Гедонизм тоталитарных страстотерпцев проливает свет на феномен альголагнии — наслаждения болью. Обычное в психоаналитических штудиях выведение мазохизма из бессознательной потребности индивида в наказании[16], из его возвращения к инфантильному страху перед карой за промахи[17], может быть, и объясняет, почему существуют люди, испытывающие тягу к страданию, но не дает ответа на вопрос, как оно оборачивается для них радостью. Наказание, ниспосылающее самости наслаждение, постигает не ее как сосредоточенное на себе «я», а Другого в ней, интроецированного ею сопряженного субъекта (каковым могут быть отец, мать и прочие ближние). Боль достается моему «не-я», наслаждение — моему «я». Мазохист мстит тем лицам, в контакте с которыми он идентифицировал себя, за испытанные от них в детстве унижения. Он счастлив, оттого что в акте негативного обмена вернул им боль. Точно так же тоталитарный субъект ликующе жертвует собой, держа в бессознательном виктимизацию Другого — того, кто виноват перед ним, втянув его в историю, которой на самом деле надлежит быть завершенной в неисторическом бесклассовом обществе.[18]

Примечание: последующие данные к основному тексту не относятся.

definition ideal_gen :: "('m::monoid_add \<Rightarrow>\<^sub>0 'a::field) \<Rightarrow> ('m \<Rightarrow>\<^sub>0 'a) set" where
  "ideal_gen u = \<Inter>{I. is_ideal I \<and> u \<in> I}"

definition eval_comm :: "('v \<Rightarrow> ('m::comm_monoid_add \<Rightarrow>\<^sub>0 'a::field)) \<Rightarrow> (('v \<Rightarrow>\<^sub>0 nat) \<Rightarrow>\<^sub>0 'a)
    \<Rightarrow> ('m \<Rightarrow>\<^sub>0 'a)" where
  "eval_comm \<sigma> P = (\<Sum>m\<in>Poly_Mapping.keys P. smult (Poly_Mapping.lookup P m) (\<Prod>v\<in>Poly_Mapping.keys m. \<sigma> v ^ Poly_Mapping.lookup m v))"

definition eval_assoc :: "('v \<Rightarrow> ('m::monoid_add \<Rightarrow>\<^sub>0 'a::field)) \<Rightarrow> ('v word \<Rightarrow>\<^sub>0 'a)
    \<Rightarrow> ('m \<Rightarrow>\<^sub>0 'a)" where
  "eval_assoc \<sigma> P = (\<Sum>w\<in>Poly_Mapping.keys P. smult (Poly_Mapping.lookup P w) (foldr (\<lambda>v acc. \<sigma> v * acc) (letters w) 1))"

(* B is a free generating set (base): the natural map from the free algebra on B is bijective *)
definition comm_free_gen :: "('a::field, 'x) comm_poly set \<Rightarrow> bool" where
  "comm_free_gen B \<longleftrightarrow>
     bij_betw (eval_comm id) {P :: (('a, 'x) comm_poly, nat) poly_mapping \<Rightarrow>\<^sub>0 'a. \<forall>m\<in>Poly_Mapping.keys P. Poly_Mapping.keys m \<subseteq> B} UNIV"
lemma trace_split_atom:
  assumes "\<And>e u. sat N {} e (G u) = R (teval N e u)"
  shows "trace M N n ps (G (split_tm n t)) = {xs. length xs = n \<and> set xs \<subseteq> M \<and>
    R (padd N (teval N (list_env (pzero N) xs) (var_part n t))
              (teval N (\<lambda>j. list_env (pzero N) ps (j - n)) (param_part n t)))}"
proof -
  have "sat N {} (list_env (pzero N) (xs @ ps)) (G (split_tm n t)) \<longleftrightarrow>
      R (padd N (teval N (list_env (pzero N) xs) (var_part n t))
                (teval N (\<lambda>j. list_env (pzero N) ps (j - n)) (param_part n t)))"
    if "length xs = n" for xs
    using that tvars_var_part[of n t] tvars_param_part[of n t]
    by (simp add: assms split_tm_def teval_list_env_append_low teval_list_env_append_high)
  then show ?thesis
    unfolding trace_def by (intro Collect_cong) blast
qed

lemma shift_reducible_mem: "b \<in> M \<Longrightarrow> shift_reducible M N R b"
  unfolding shift_reducible_def by blast

locale elementary_pair =
  fixes M :: "'a set" and N :: "'a pstruct"
  assumes pair: "presburger_pair M N"
begin

sublocale N: pa_model N
  using pair by (simp add: presburger_pair_def pa_model_def)

sublocale M: pa_model "restr N M"
  using pair by (simp add: presburger_pair_def pa_model_def)

lemma M_subset: "M \<subseteq> pdom N"
  using pair by (simp add: presburger_pair_def elem_sub_def)

lemma sat_restr_iff: "pure \<phi> \<Longrightarrow> range e \<subseteq> M \<Longrightarrow> sat (restr N M) {} e \<phi> = sat N {} e \<phi>"
  using pair by (simp add: presburger_pair_def elem_sub_def)

lemma closed_M[simp]:
  "pzero N \<in> M" "pone N \<in> M" "a \<in> M \<Longrightarrow> b \<in> M \<Longrightarrow> padd N a b \<in> M" "a \<in> M \<Longrightarrow> pneg N a \<in> M"
  using M.pzero_in M.pone_in M.padd_in M.pneg_in by simp_all

lemma mem_pdom_if_M[simp]: "a \<in> M \<Longrightarrow> a \<in> pdom N"
  using M_subset by blast

lemma definable_trace:
  assumes "set qs \<subseteq> M" "pure \<chi>" "fv \<chi> \<subseteq> {..<n + length qs}"
  shows "definable (restr N M) M n (trace M N n qs \<chi>)"
proof -
  have "sat (restr N M) {} (\<lambda>i. (xs @ qs) ! i) \<chi> = sat N {} (list_env (pzero N) (xs @ qs)) \<chi>"
    if "length xs = n" "set xs \<subseteq> M" for xs
  proof -
    have "range (list_env (pzero N) (xs @ qs)) \<subseteq> M"
      using that assms(1) by (intro range_list_env) auto
    have "sat (restr N M) {} (\<lambda>i. (xs @ qs) ! i) \<chi> = sat (restr N M) {} (list_env (pzero N) (xs @ qs)) \<chi>"
      using sat_list_env[of \<chi> "xs @ qs"] assms(3) that(1) by simp
    also have "\<dots> = sat N {} (list_env (pzero N) (xs @ qs)) \<chi>"
      using sat_restr_iff[OF assms(2)] \<open>range (list_env (pzero N) (xs @ qs)) \<subseteq> M\<close> by blast
    finally show ?thesis .
  qed
  then have "trace M N n qs \<chi> = {xs. length xs = n \<and> set xs \<subseteq> pdom (restr N M) \<and>
      sat (restr N M) {} (\<lambda>i. (xs @ qs) ! i) \<chi>}"
    by (auto simp: trace_def)
  then show ?thesis
    unfolding definable_def using assms by blast
qed
(* The big-O problem (for labelled Markov chains) reduces to the Value-1 problem; in particular, if the Value-1 problem were decidable, the big-O problem for labelled Markov chains would be decidable.
   Context: A (non-negative) weighted automaton is $\langle Q,\Sigma,M,F\rangle$ with finite $Q$, $M:\Sigma\to\mathbb{Q}_{\ge0}^{Q\times Q}$, $F\subseteq Q$; $\nu_s(a_1\cdots a_n)=\sum_{t\in F}(M(a_1)\cdots M(a_n))_{s,t}$. State $s$ is big-O of $s'$ if there is $C>0$ with $\nu_s(w)\le C\nu_{s'}(w)$ for all $w$; the big-O problem asks this for a given automaton and states $s,s'$. A labelled Markov chain is a weighted automaton with $\sum_{q'}\sum_aM(a)(q,q')=1$ for non-final $q$ and no positive-weight transitions out of final states. A probabilistic automaton is a weighted automaton with a start state $q_s$ such that $\sum_{q'}M(a)(q,q')=1$ for all $q,a$; $\Pr_{\mathcal{A}}(w)=\nu_{q_s}(w)$. The Value-1 problem: given a probabilistic automaton $\mathcal{A}$, decide whether for every $\delta>0$ there is $w$ with $\Pr_{\mathcal{A}}(w)>1-\delta$. *)

theory Defs
  imports Complex_Main "HOL-Library.Nat_Bijection"
begin

datatype recf = Zf | Sf | Idf nat | Cnf recf "recf list" | Prf recf recf | Mnf recf

inductive rec_eval :: "recf \<Rightarrow> nat list \<Rightarrow> nat \<Rightarrow> bool" where
  ev_Z:  "rec_eval Zf xs 0"
| ev_S:  "rec_eval Sf [x] (Suc x)"
| ev_Id: "i < length xs \<Longrightarrow> rec_eval (Idf i) xs (xs ! i)"
| ev_Cn: "length ys = length gs \<Longrightarrow> (\<forall>i<length gs. rec_eval (gs ! i) xs (ys ! i))
          \<Longrightarrow> rec_eval f ys z \<Longrightarrow> rec_eval (Cnf f gs) xs z"
| ev_Pr0: "rec_eval f xs z \<Longrightarrow> rec_eval (Prf f g) (0 # xs) z"
| ev_PrS: "rec_eval (Prf f g) (x # xs) y \<Longrightarrow> rec_eval g (x # y # xs) z
          \<Longrightarrow> rec_eval (Prf f g) (Suc x # xs) z"
| ev_Mn: "rec_eval f (z # xs) 0 \<Longrightarrow> (\<forall>y<z. \<exists>v. v > 0 \<and> rec_eval f (y # xs) v)
          \<Longrightarrow> rec_eval (Mnf f) xs z"

definition computable :: "(nat \<Rightarrow> nat) \<Rightarrow> bool" where
  "computable f \<longleftrightarrow> (\<exists>p. \<forall>x. rec_eval p [x] (f x))"

text \<open>A weighted automaton (n, Ms, F): states Q = {0..<n}, alphabet {0..<length Ms},
  M(a)(q,q') = Ms!a!q!q', final states F (a list of states).\<close>
type_synonym wa = "nat \<times> rat list list list \<times> nat list"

Уместно еще раз обратиться к идеологии экологических партий. Постисторизм образца 1960—1970-х годов был отрицательной реакцией на идею конца истории, питавшую тоталитарную социокультуру (конечно, не только в Советской России). Новая эпоха в своей авангардной редакции допустила, что социокультурное строительство возможно и после финальной фазы всех предпринимавшихся человеком преобразований своего бытия-в-мире, и отбросила от себя как тоталитарную альголагнию, так и консюмеризм, в котором погрязло капиталистическое «общество спектакля». В воззрениях же «зеленых» возрождается как будто уже забытый субъект, карающий себя самоограничениями за чужие грехи — на сей раз перед природой. Но экологический человек, в отличие от тоталитарного, не устремлен в будущее, а предотвращает его катастрофический приход. В презентистской форме постисторизм второго призыва безбудущностен. В экологической версии он ищет будущее в прошедшем.
4
Как можно было убедиться, философия, обсуждавшая многие века напролет с разными доводами, почему гедонизм должен быть принят или не принят, не удосужилась разобраться, в чем, собственно, состоит сущность наслаждения, каков его смысл (в лучшем случае оно объявлялось попросту неотъемлемым от человеческой природы). Аристотель был прав: в эйфорию ввергает нас любое достижение цели. Самосознание делает нас автообъектными существами. Каков бы ни был внешний объект, на который направляются наши действия, обладание им приводит мир в согласие с самообладанием, конституирующим субъекта. Мы интенциональны, руководимы желаниями из имманентной нам посессивности, из неустранимости наличествующего в нас собственного Другого. Я хочу иного, чем то, что есть, ибо иное заявляет о себе во мне. В конечном счете желают быть-в-истории, в нарастании инаковости. История продолжается, несмотря на то что, добившись своего, мы обрекли себя на конечность. Финализм движущих нас желаний антитетичен смертности наших тел. Человек имеет цель в себе в сопротивлении Танатосу. Следует различать наслаждение-удовольствие и гораздо более широкое по смысловому охвату удовлетворение от выполненного задания, поставленного нам желанием. Наслаждение — удовлетворение особого сорта, возникающее тогда, когда заполученный самостью объект становится ее всем, заполняет ее до предела, временно парализует ее субъектное «я». Оно не нуждается более в выходе из себя ради приложения желания к новым объектам. Что именно вызывает наслаждение, не зависит от ценности, которая внутренне присуща объекту или которую он имеет для других — в социальном его обращении. Голодному достаточна для эйфории корка хлеба, любителю символов социального престижа понадобится для того же стейк из мраморной говядины, запеченный в сусальном золоте.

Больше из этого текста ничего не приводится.